= Hiawatha Coleridge-Taylor =

English conductor, music publisher and doctor (1900–1980)

Hiawatha Bryan Coleridge-Taylor (15 October 1900 – 20 January 1980) was an English conductor, music publisher and doctor, the son of the composer Samuel Coleridge Taylor. Born in Croydon, he was named after the Longfellow poem that his father set as The Song of Hiawatha between 1898 and 1900, which had made him globally famous. His younger sister was Avril Coleridge-Taylor. From November 1917 he served as a driver in the French Red Cross at the age of 17. In the 1921 census he was listed as a music student. In December 1925 he married the pianist (Sarah) Kathleen Markwell (1896-1973). She had been his accompanist. In the late 1930s they were living at Rodmell in East Sussex, where a neighbour was the sculptor Marjorie Drawbell.

Hiawatha adapted, edited and conducted the ballet music for the 1924 epic staging of The Song of Hiawatha at the Royal Albert Hall on 19 May 1924, as produced by impresario T. C. Fairbairn.
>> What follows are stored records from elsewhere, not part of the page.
lemma boundary_edges_suspension:
  "boundary_edges suspension = {{north, xs ! 0}, {north, xs ! k}, {south, xs ! 0}, {south, xs ! k}}"
proof (intro equalityI subsetI)
  fix f assume f: "f \<in> boundary_edges suspension"
  then have "f \<in> skeleton suspension" by (simp add: boundary_edges_def)
  then show "f \<in> {{north, xs ! 0}, {north, xs ! k}, {south, xs ! 0}, {south, xs ! k}}"
  proof (cases rule: skeleton_suspensionE)
    case (spoke d j)
    show ?thesis
    proof (rule ccontr)
      assume "f \<notin> {{north, xs ! 0}, {north, xs ! k}, {south, xs ! 0}, {south, xs ! k}}"
      then have j: "0 < j" "j < k" using spoke by auto
      have "xs ! (j - 1) \<in> facet d (j - 1)" "xs ! (j - 1) \<notin> facet d j"
        using j spoke(1) by (auto simp: facet_def)
      then have "facet d (j - 1) \<noteq> facet d j" by blast
      moreover have "facet d (j - 1) \<in> suspension" "facet d j \<in> suspension"
        using j spoke(1) by (auto intro: facet_in_suspension)
      moreover have "f \<subseteq> facet d (j - 1)" "f \<subseteq> facet d j"
        using j spoke by (auto simp: facet_def)
      ultimately have "f \<notin> boundary_edges suspension"
        by (intro not_boundary_edge_if_in_two_facets[OF suspension_finite])
      then show False using f by simp
    qed
  next
    case (rung m)
    have "facet north m \<in> suspension" "facet south m \<in> suspension"
      using rung(1) by (auto intro: facet_in_suspension)
    moreover have "f \<subseteq> facet north m" "f \<subseteq> facet south m"
      using rung(2) by (auto simp: facet_def)
    moreover have "facet north m \<noteq> facet south m" using facet_north_ne_south rung(1) .
    ultimately have "f \<notin> boundary_edges suspension"
      by (intro not_boundary_edge_if_in_two_facets[OF suspension_finite])
    then show ?thesis using f by simp
  qed
qed (use end_spoke_boundary_edge in blast)

lemma boundary_vertices_suspension: "boundary_vertices suspension = {north, south, xs ! 0, xs ! k}"
  unfolding boundary_vertices_def boundary_edges_suspension by auto

lemma interior_vertices_suspension: "interior_vertices suspension \<subseteq> set (butlast (tl xs))"
proof
  fix z assume z: "z \<in> interior_vertices suspension"
  then obtain e where e: "e \<in> suspension" "z \<in> e" unfolding interior_vertices_def by auto
  have zb: "z \<notin> {north, south, xs ! 0, xs ! k}"
    using z unfolding interior_vertices_def boundary_vertices_suspension by auto
  obtain m d where m: "m < k" "d = north \<or> d = south" "e = facet d m"
    using e unfolding suspension_def by blast
  then obtain j where j: "j \<le> k" "z = xs ! j" using e zb by (auto simp: facet_def)
  then have "0 < j" "j < k" using zb by (auto simp: le_less)
  then have "butlast (tl xs) ! (j - 1) = z" "j - 1 < length (butlast (tl xs))"
    using j length_xs by (simp_all add: nth_butlast nth_tl)
  then show "z \<in> set (butlast (tl xs))" by (metis nth_mem)
qed

lemma suspension_boundary_inducing:
  assumes "1 < k"
  shows "boundary_inducing suspension"
  unfolding boundary_inducing_def
proof (intro conjI ballI impI suspension_is_disk card_suspension)
  fix f assume fs: "f \<in> skeleton suspension" and fb: "f \<subseteq> boundary_vertices suspension"
  from fs show "f \<in> boundary_edges suspension"
  proof (cases rule: skeleton_suspensionE)
    case (spoke d j)
    then have "j = 0 \<or> j = k" using fb unfolding boundary_vertices_suspension by auto
    then show ?thesis unfolding boundary_edges_suspension using spoke by auto
  next
    case (rung m)
    then show ?thesis using fb assms unfolding boundary_vertices_suspension by auto
  qed
qed

end

section \<open>Disks from paths in a common link\<close>

lemma link_edgesD: "{a, b} \<in> link_edges E d \<Longrightarrow> {d, a, b} \<in> E"
  unfolding link_edges_def by (auto simp: doubleton_eq_iff insert_commute)

lemma boundary_edges_subset_skeleton: "D \<subseteq> E \<Longrightarrow> boundary_edges D \<subseteq> skeleton E"
  unfolding boundary_edges_def skeleton_def by blast

lemma common_link_path_disk:
  assumes path: "is_path VG (link_edges E v \<inter> link_edges E v') xs" and len: "3 \<le> length xs"
    and ends: "hd xs = w" "last xs = w'" and inner: "set (butlast (tl xs)) \<subseteq> U"
    and apexes: "v \<notin> VG" "v' \<notin> VG" "v \<noteq> v'"
  shows "\<exists>D. D \<subseteq> E \<and> boundary_inducing D \<and>
    boundary_edges D = {{v, w}, {w, v'}, {v', w'}, {w', v}} \<and> interior_vertices D \<subseteq> U"
proof -
  have "distinct xs" "set xs \<subseteq> VG"
    and rungs: "\<And>i. Suc i < length xs \<Longrightarrow> {xs ! i, xs ! Suc i} \<in> link_edges E v \<inter> link_edges E v'"
    using path by (auto simp: is_path_def)
  obtain k where k: "length xs = Suc k" "1 < k"
    using len by (cases "length xs") auto
  interpret path_suspension xs k v v'
    using \<open>distinct xs\<close> \<open>set xs \<subseteq> VG\<close> k apexes by unfold_locales auto
  have "xs \<noteq> []" using len by auto
  then have "xs ! 0 = w" "xs ! k = w'"
    using k ends by (simp_all add: hd_conv_nth last_conv_nth)
  then have "boundary_edges suspension = {{v, w}, {w, v'}, {v', w'}, {w', v}}"
    unfolding boundary_edges_suspension by (auto simp: insert_commute)
  moreover have "suspension \<subseteq> E"
    using rungs k by (auto simp: suspension_def facet_def dest: link_edgesD)
  ultimately show ?thesis
    using suspension_boundary_inducing[OF k(2)] interior_vertices_suspension inner by blast
qed

theorem proposition3p3:
  fixes V :: "'a set" and E :: "'a set set" and v v' w u w' :: 'a and p eps :: real
  assumes "hypergraph3 V E"
    and "v \<in> V" and "v' \<in> V" and "v \<noteq> v'"
    and "0 \<le> p" and "p \<le> 1"
    and "is_path ((V - {v}) \<inter> (V - {v'})) (link_edges E v \<inter> link_edges E v') [w, u, w']"
    and "admissible ((V - {v}) \<inter> (V - {v'})) (link_edges E v \<inter> link_edges E v') p eps w u w'"
  shows "disk_coverable V E p eps {{v, w}, {w, v'}, {v', w'}, {w', v}}"
proof -
  define VG where "VG = (V - {v}) \<inter> (V - {v'})"
  define C where "C = {{v, w}, {w, v'}, {v', w'}, {w', v}}"
  define has_path where "has_path = (\<lambda>U. \<exists>xs. is_path VG (link_edges E v \<inter> link_edges E v') xs \<and>
    length xs \<ge> 3 \<and> hd xs = w \<and> last xs = w' \<and> set (butlast (tl xs)) \<subseteq> U)"
  define has_disk where "has_disk = (\<lambda>U. \<exists>D. D \<subseteq> E \<and> boundary_inducing D \<and>
    boundary_edges D = C \<and> interior_vertices D \<subseteq> U)"
  have apexes: "v \<notin> VG" "v' \<notin> VG" "v \<noteq> v'" using assms(4) by (auto simp: VG_def)
  obtain D0 where "D0 \<subseteq> E" "boundary_edges D0 = C"
    using common_link_path_disk[OF assms(7)[folded VG_def] _ refl refl subset_UNIV apexes]
    by (auto simp: C_def)
  then have "C \<subseteq> skeleton E" using boundary_edges_subset_skeleton by blast
  have disk_of_path: "has_path (U \<inter> (VG - {u})) \<Longrightarrow> has_disk U" for U
    unfolding has_path_def has_disk_def C_def using common_link_path_disk[OF _ _ _ _ _ apexes]
    by (meson le_inf_iff)
  have "1 - eps \<le> rand_subset_prob (VG - {u}) p has_path"
    using assms(8) by (simp add: admissible_def has_path_def VG_def)
  also have "\<dots> = rand_subset_prob ((VG - {u}) \<union> V) p (\<lambda>U. has_path (U \<inter> (VG - {u})))"
    using assms(1) by (intro rand_subset_prob_marginal[symmetric]) (auto simp: VG_def hypergraph3_def)
  also have "(VG - {u}) \<union> V = V" by (auto simp: VG_def)
  also have "rand_subset_prob V p (\<lambda>U. has_path (U \<inter> (VG - {u}))) \<le> rand_subset_prob V p has_disk"
    using assms(5,6) disk_of_path by (intro rand_subset_prob_mono)
  finally show ?thesis
    using \<open>C \<subseteq> skeleton E\<close> by (simp add: disk_coverable_def has_disk_def C_def)
qed

end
These epic stagings were highly popular, and continued on an annual basis until 1939.

In 1938 Hiawatha took legal action against his father's publisher Novello in a bid to secure unpaid royalties generated by his father's music. He won the case, but Novello appealed and the verdict was overturned. The 1939 Census lists Hiawatha's occupation as copyright music agent.

He later worked as a general practitioner in the Wimbledon area, where he lived next door to St Mary's Church. There is a commemorative bench in the churchyard. He died in Merton, aged 79.